Questions: Schrödinger Equation for Molecular Systems
5 questions to test your understanding
Score: 0 / 5
Question 1 Multiple Choice
A student claims to have 'measured the molecular wavefunction ψ directly' in their spectroscopy experiment. What is fundamentally wrong with this claim?
ANothing — ψ can be measured directly by X-ray diffraction
BThe wavefunction ψ is not directly observable; only |ψ|² (the probability density) corresponds to measurable quantities
COnly ground-state wavefunctions can be measured; excited states are always inaccessible
DWavefunctions can be directly measured for atoms but the math becomes intractable for molecules
This is the core misconception listed in the topic. The wavefunction ψ is a mathematical object — it can be complex-valued and has no direct physical meaning on its own. What is physically observable is |ψ|², the probability density, which gives the likelihood of finding electrons at particular positions. This is what electron density maps (from X-ray crystallography) actually measure — a probability distribution, not ψ itself.
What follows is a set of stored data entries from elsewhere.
(* Let $S=(G,P,\Lambda,I)$ be a completely simple semigroup whose sandwich matrix $P$ is singular (i.e. $P$ has two equal rows or two equal columns). Then $S$ is not an equational domain in the language $\mathcal{L}_S$.
   Context: Rees representation: a completely simple (c.s.) semigroup $S=(G,P,\Lambda,I)$ is given by a group $G$, index sets $\Lambda,I$ (each containing an element $1$), and a matrix $P=(p_{i\lambda})_{i\in I,\lambda\in\Lambda}$ over $G$ normalised so that $p_{1\lambda}=p_{i1}=1_G$; elements are triples $(\lambda,g,i)$ with product $(\lambda,g,i)(\mu,h,j)=(\lambda,gp_{i\mu}h,j)$ and inversion $(\lambda,g,i)^{-1}=(\lambda,p_{i\lambda}^{-1}g^{-1}p_{i\lambda}^{-1},i)$. $P$ is non-singular if it has no two equal rows and no two equal columns. The language $\mathcal{L}_S$ is $\{\cdot,{}^{-1}\}$ together with a constant for each element of $S$; terms are built from variables and constants using products and ${}^{-1}$. An equation is an equality $t(X)=s(X)$ of two terms; a system is any set of equations; its solution set in $S^n$ is the set of points satisfying all of them; a subset of $S^n$ is algebraic if it is the solution set of some system. $S$ is an equational domain (e.d.) in $\mathcal{L}_S$ if every finite union of algebraic sets (in $S^n$, any $n$) is algebraic. *)

theory Defs
  imports "HOL-Algebra.Group"
begin

text \<open>The sandwich matrix is P :: 'i => 'l => 'g, with entry P i lambda = p_{i lambda}.\<close>

definition rees_carrier :: "('g,'b) monoid_scheme \<Rightarrow> 'l set \<Rightarrow> 'i set \<Rightarrow> ('l \<times> 'g \<times> 'i) set" where
  "rees_carrier G L I = L \<times> carrier G \<times> I"

definition rees_mult :: "('g,'b) monoid_scheme \<Rightarrow> ('i \<Rightarrow> 'l \<Rightarrow> 'g) \<Rightarrow>
    ('l \<times> 'g \<times> 'i) \<Rightarrow> ('l \<times> 'g \<times> 'i) \<Rightarrow> ('l \<times> 'g \<times> 'i)" where
  "rees_mult G P x y = (case x of (l, g, i) \<Rightarrow> case y of (m, h, j) \<Rightarrow>
      (l, g \<otimes>\<^bsub>G\<^esub> P i m \<otimes>\<^bsub>G\<^esub> h, j))"

definition rees_inv :: "('g,'b) monoid_scheme \<Rightarrow> ('i \<Rightarrow> 'l \<Rightarrow> 'g) \<Rightarrow>
    ('l \<times> 'g \<times> 'i) \<Rightarrow> ('l \<times> 'g \<times> 'i)" where
  "rees_inv G P x = (case x of (l, g, i) \<Rightarrow>
      (l, inv\<^bsub>G\<^esub> (P i l) \<otimes>\<^bsub>G\<^esub> inv\<^bsub>G\<^esub> g \<otimes>\<^bsub>G\<^esub> inv\<^bsub>G\<^esub> (P i l), i))"

datatype 'c trm = Var nat | Cst 'c | Mul "'c trm" "'c trm" | Inv "'c trm"

fun trm_eval :: "('g,'b) monoid_scheme \<Rightarrow> ('i \<Rightarrow> 'l \<Rightarrow> 'g) \<Rightarrow>
    ('l \<times> 'g \<times> 'i) list \<Rightarrow> ('l \<times> 'g \<times> 'i) trm \<Rightarrow> ('l \<times> 'g \<times> 'i)" where
  "trm_eval G P xs (Var k) = xs ! k"
| "trm_eval G P xs (Cst c) = c"
| "trm_eval G P xs (Mul t s) = rees_mult G P (trm_eval G P xs t) (trm_eval G P xs s)"
| "trm_eval G P xs (Inv t) = rees_inv G P (trm_eval G P xs t)"

fun wf_trm :: "'c set \<Rightarrow> nat \<Rightarrow> 'c trm \<Rightarrow> bool" where
  "wf_trm S n (Var k) = (k < n)"
| "wf_trm S n (Cst c) = (c \<in> S)"
| "wf_trm S n (Mul t s) = (wf_trm S n t \<and> wf_trm S n s)"
| "wf_trm S n (Inv t) = wf_trm S n t"

definition solution_set :: "('g,'b) monoid_scheme \<Rightarrow> ('i \<Rightarrow> 'l \<Rightarrow> 'g) \<Rightarrow> 'l set \<Rightarrow> 'i set \<Rightarrow>
    nat \<Rightarrow> (('l \<times> 'g \<times> 'i) trm \<times> ('l \<times> 'g \<times> 'i) trm) set \<Rightarrow> ('l \<times> 'g \<times> 'i) list set" where
  "solution_set G P L I n E = {xs. length xs = n \<and> set xs \<subseteq> rees_carrier G L I \<and>
      (\<forall>(t, s) \<in> E. trm_eval G P xs t = trm_eval G P xs s)}"

definition algebraic_set :: "('g,'b) monoid_scheme \<Rightarrow> ('i \<Rightarrow> 'l \<Rightarrow> 'g) \<Rightarrow> 'l set \<Rightarrow> 'i set \<Rightarrow>
    nat \<Rightarrow> ('l \<times> 'g \<times> 'i) list set \<Rightarrow> bool" where
  "algebraic_set G P L I n A \<longleftrightarrow>
     (\<exists>E. (\<forall>(t, s) \<in> E. wf_trm (rees_carrier G L I) n t \<and> wf_trm (rees_carrier G L I) n s)
          \<and> A = solution_set G P L I n E)"

definition equational_domain :: "('g,'b) monoid_scheme \<Rightarrow> ('i \<Rightarrow> 'l \<Rightarrow> 'g) \<Rightarrow> 'l set \<Rightarrow> 'i set \<Rightarrow> bool" where
  "equational_domain G P L I \<longleftrightarrow>
     (\<forall>n F. finite F \<and> (\<forall>A \<in> F. algebraic_set G P L I n A) \<longrightarrow> algebraic_set G P L I n (\<Union>F))"

definition rees_matrix :: "('g,'b) monoid_scheme \<Rightarrow> ('i \<Rightarrow> 'l \<Rightarrow> 'g) \<Rightarrow> 'l set \<Rightarrow> 'i set \<Rightarrow> 'l \<Rightarrow> 'i \<Rightarrow> bool" where
  "rees_matrix G P L I l1 i1 \<longleftrightarrow> l1 \<in> L \<and> i1 \<in> I \<and>
     (\<forall>i\<in>I. \<forall>l\<in>L. P i l \<in> carrier G) \<and>
     (\<forall>l\<in>L. P i1 l = \<one>\<^bsub>G\<^esub>) \<and> (\<forall>i\<in>I. P i l1 = \<one>\<^bsub>G\<^esub>)"

definition singular_matrix :: "('i \<Rightarrow> 'l \<Rightarrow> 'g) \<Rightarrow> 'l set \<Rightarrow> 'i set \<Rightarrow> bool" where
  "singular_matrix P L I \<longleftrightarrow>
     (\<exists>i\<in>I. \<exists>j\<in>I. i \<noteq> j \<and> (\<forall>l\<in>L. P i l = P j l)) \<or>
     (\<exists>l\<in>L. \<exists>m\<in>L. l \<noteq> m \<and> (\<forall>i\<in>I. P i l = P i m))"

end

theory Submission
  imports Defs
begin

(* Let a and b be distinct elements of S and consider the two algebraic
   subsets {x0 = a} and {x1 = a} of S^2.  Their union contains [a,b] and [b,a] but not
   [b,b]; so if every equation satisfied at [a,b] and at [b,a] is also satisfied at
   [b,b], the union is not algebraic and S is not an equational domain.
   If two columns l, m of P coincide, collapsing the Lambda-index m onto l is an
   endomorphism of S; it identifies a = (l,1,i1) with b = (m,1,i1).  Hence for a term t
   the value at [b,b] agrees with the value at [a,b] up to the Lambda-coordinate, and the
   Lambda-coordinate of a product is that of its leftmost factor, which is a variable or
   a constant; a short case analysis on these leftmost leaves finishes the transfer.
   Two equal rows are handled dually, collapsing I-indices and using rightmost leaves. *)

lemma rees_mult_triple [simp]:
  "rees_mult G P (a, g, i) (b, h, j) = (a, g \<otimes>\<^bsub>G\<^esub> P i b \<otimes>\<^bsub>G\<^esub> h, j)"
  by (simp add: rees_mult_def)

lemma rees_inv_triple [simp]:
  "rees_inv G P (a, g, i) =
     (a, inv\<^bsub>G\<^esub> (P i a) \<otimes>\<^bsub>G\<^esub> inv\<^bsub>G\<^esub> g \<otimes>\<^bsub>G\<^esub> inv\<^bsub>G\<^esub> (P i a), i)"
  by (simp add: rees_inv_def)

lemma rees_mult_closed:
  assumes "group G" and entries: "\<forall>i\<in>I. \<forall>l\<in>L. P i l \<in> carrier G"
    and "x \<in> rees_carrier G L I" and "y \<in> rees_carrier G L I"
  shows "rees_mult G P x y \<in> rees_carrier G L I"
proof -
  interpret group G by fact
  show ?thesis using assms(3,4) entries by (auto simp: rees_carrier_def)
qed

lemma rees_inv_closed:
  assumes "group G" and entries: "\<forall>i\<in>I. \<forall>l\<in>L. P i l \<in> carrier G"
    and "x \<in> rees_carrier G L I"
  shows "rees_inv G P x \<in> rees_carrier G L I"
proof -
  interpret group G by fact
  show ?thesis using assms(3) entries by (auto simp: rees_carrier_def)
qed

lemma trm_eval_closed:
  assumes "group G" and entries: "\<forall>i\<in>I. \<forall>l\<in>L. P i l \<in> carrier G"
    and "wf_trm (rees_carrier G L I) n t" and "length xs = n" and "set xs \<subseteq> rees_carrier G L I"
  shows "trm_eval G P xs t \<in> rees_carrier G L I"
  using assms(3)
  by (induction t) (use assms(4,5) in \<open>auto intro: rees_mult_closed[OF assms(1,2)]
      rees_inv_closed[OF assms(1,2)] dest: nth_mem\<close>)

lemma coordinate_set_algebraic:
  assumes "k < 2" and "a \<in> rees_carrier G L I"
  shows "algebraic_set G P L I 2 (solution_set G P L I 2 {(Var k, Cst a)})"
  unfolding algebraic_set_def
  by (rule exI[of _ "{(Var k, Cst a)}"]) (use assms in simp)

lemma not_equational_domain_if_two_point_transfer:
  assumes C: "a \<in> rees_carrier G L I" "b \<in> rees_carrier G L I" and "a \<noteq> b"
    and transfer: "\<And>t s. wf_trm (rees_carrier G L I) 2 t \<Longrightarrow> wf_trm (rees_carrier G L I) 2 s \<Longrightarrow>
        trm_eval G P [a, b] t = trm_eval G P [a, b] s \<Longrightarrow>
        trm_eval G P [b, a] t = trm_eval G P [b, a] s \<Longrightarrow>
        trm_eval G P [b, b] t = trm_eval G P [b, b] s"
  shows "\<not> equational_domain G P L I"
proof
  assume "equational_domain G P L I"
  define A where "A k = solution_set G P L I 2 {(Var k, Cst a)}" for k
  have alg: "algebraic_set G P L I 2 (A 0)" "algebraic_set G P L I 2 (A 1)"
    unfolding A_def by (rule coordinate_set_algebraic[OF _ C(1)], simp)+
  have "\<forall>F. finite F \<and> (\<forall>X \<in> F. algebraic_set G P L I 2 X) \<longrightarrow>
      algebraic_set G P L I 2 (\<Union>F)"
    using \<open>equational_domain G P L I\<close> unfolding equational_domain_def by (rule spec)
  from this[rule_format, of "{A 0, A 1}"] alg have "algebraic_set G P L I 2 (A 0 \<union> A 1)"
    by simp
  then obtain E where wfE: "\<forall>(t, s) \<in> E. wf_trm (rees_carrier G L I) 2 t \<and> wf_trm (rees_carrier G L I) 2 s"
      and union: "A 0 \<union> A 1 = solution_set G P L I 2 E"
    unfolding algebraic_set_def by blast
  have "[a, b] \<in> A 0" "[b, a] \<in> A 1" and "[b, b] \<notin> A 0 \<union> A 1"
    using C \<open>a \<noteq> b\<close> by (auto simp: A_def solution_set_def)
  then have at_ab: "[a, b] \<in> solution_set G P L I 2 E" and at_ba: "[b, a] \<in> solution_set G P L I 2 E"
    and not_bb: "[b, b] \<notin> solution_set G P L I 2 E"
    by (simp_all add: union[symmetric])
  have "trm_eval G P [b, b] t = trm_eval G P [b, b] s" if "(t, s) \<in> E" for t s
    using at_ab at_ba wfE that by (intro transfer) (auto simp: solution_set_def)
  with C have "[b, b] \<in> solution_set G P L I 2 E"
    by (auto simp: solution_set_def)
  with not_bb show False ..
qed

lemma trm_eval_hom:
  assumes "group G" and entries: "\<forall>i\<in>I. \<forall>l\<in>L. P i l \<in> carrier G"
    and hom_mult: "\<And>x y. x \<in> rees_carrier G L I \<Longrightarrow> y \<in> rees_carrier G L I \<Longrightarrow>
        \<phi> (rees_mult G P x y) = rees_mult G P (\<phi> x) (\<phi> y)"
    and hom_inv: "\<And>x. x \<in> rees_carrier G L I \<Longrightarrow> \<phi> (rees_inv G P x) = rees_inv G P (\<phi> x)"
    and wf: "wf_trm (rees_carrier G L I) n t"
    and xs: "length xs = n" "set xs \<subseteq> rees_carrier G L I"
  shows "\<phi> (trm_eval G P xs t) = trm_eval G P (map \<phi> xs) (map_trm \<phi> t)"
  using wf
proof (induction t)
  case (Mul t s)
  then show ?case
    using hom_mult trm_eval_closed[OF assms(1,2) _ xs] by simp
next
  case (Inv t)
  then show ?case
    using hom_inv trm_eval_closed[OF assms(1,2) _ xs] by simp
qed (use xs in simp_all)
Question 2 Multiple Choice
The Born-Oppenheimer approximation makes the molecular Schrödinger equation tractable. What physical insight does it exploit?
ANuclear kinetic energy is negligible compared to electron kinetic energy, so nuclei can be ignored entirely
BElectron-electron repulsion and nuclear-nuclear repulsion cancel each other out at equilibrium
CNuclei are thousands of times more massive than electrons, so electrons adjust almost instantaneously to any nuclear arrangement — allowing nuclear positions to be treated as fixed parameters
DMolecules can be decomposed into non-interacting atom-sized subunits that each solve independently
The Born-Oppenheimer approximation exploits the enormous mass difference: protons and neutrons are ~1800 times heavier than electrons. Nuclei therefore move far more slowly, and from the electron's perspective, nuclei are essentially stationary. This allows us to 'clamp' nuclei at fixed positions, solve the electronic Schrödinger equation at that geometry, then repeat at many geometries to map out the potential energy surface. Option A is wrong — nuclei aren't ignored, their positions are just treated as parameters rather than dynamic variables.
Question 3 True / False
In the Born-Oppenheimer approximation, nuclear coordinates are treated as variables in the electronic Schrödinger equation.
TTrue
FFalse
Answer: False
Nuclear coordinates are treated as *parameters* — fixed values — not variables. The approximation 'clamps' the nuclei at a specific geometry and solves for the electronic wavefunction at that fixed configuration. This is then repeated at many different nuclear geometries to map out the potential energy surface. Treating nuclei as variables would mean solving for electronic and nuclear motion simultaneously, which is the full molecular Schrödinger equation — exactly what the approximation is designed to avoid.
Question 4 True / False
The potential energy surface obtained from the Born-Oppenheimer approximation has minima corresponding to stable molecular geometries and saddle points corresponding to transition states.
TTrue
FFalse
Answer: True
The potential energy surface (PES) maps the electronic energy of the molecule as a function of nuclear geometry. Minima on this surface are stable (or metastable) molecular structures where the energy is locally minimized — small distortions in any direction increase the energy. Saddle points are geometries where the energy is a maximum along the reaction coordinate but a minimum in all perpendicular directions — these correspond to transition states in chemical reactions. The curvature around minima also determines vibrational frequencies.
Question 5 Short Answer
Why can't the molecular Schrödinger equation be solved exactly for any system beyond H₂⁺, and what strategy does the Born-Oppenheimer approximation use to make it tractable?
Think about your answer, then reveal below.
Model answer: For systems with multiple electrons, the Hamiltonian contains electron-electron repulsion terms that couple all electrons together. This makes the equation non-separable — you cannot factor it into independent one-electron problems and solve each separately. Every electron's behavior depends on the positions of all other electrons simultaneously, creating an intractable many-body problem. The Born-Oppenheimer approximation exploits the ~1800:1 mass ratio between nuclei and electrons: nuclei move so slowly that electrons effectively adjust instantaneously. By treating nuclear positions as fixed parameters rather than dynamic variables, the full problem reduces to an electronic Schrödinger equation at each nuclear geometry. This is still a many-electron problem, but it is tractable with variational and perturbation methods, and it must be solved only once per geometry point on the potential energy surface.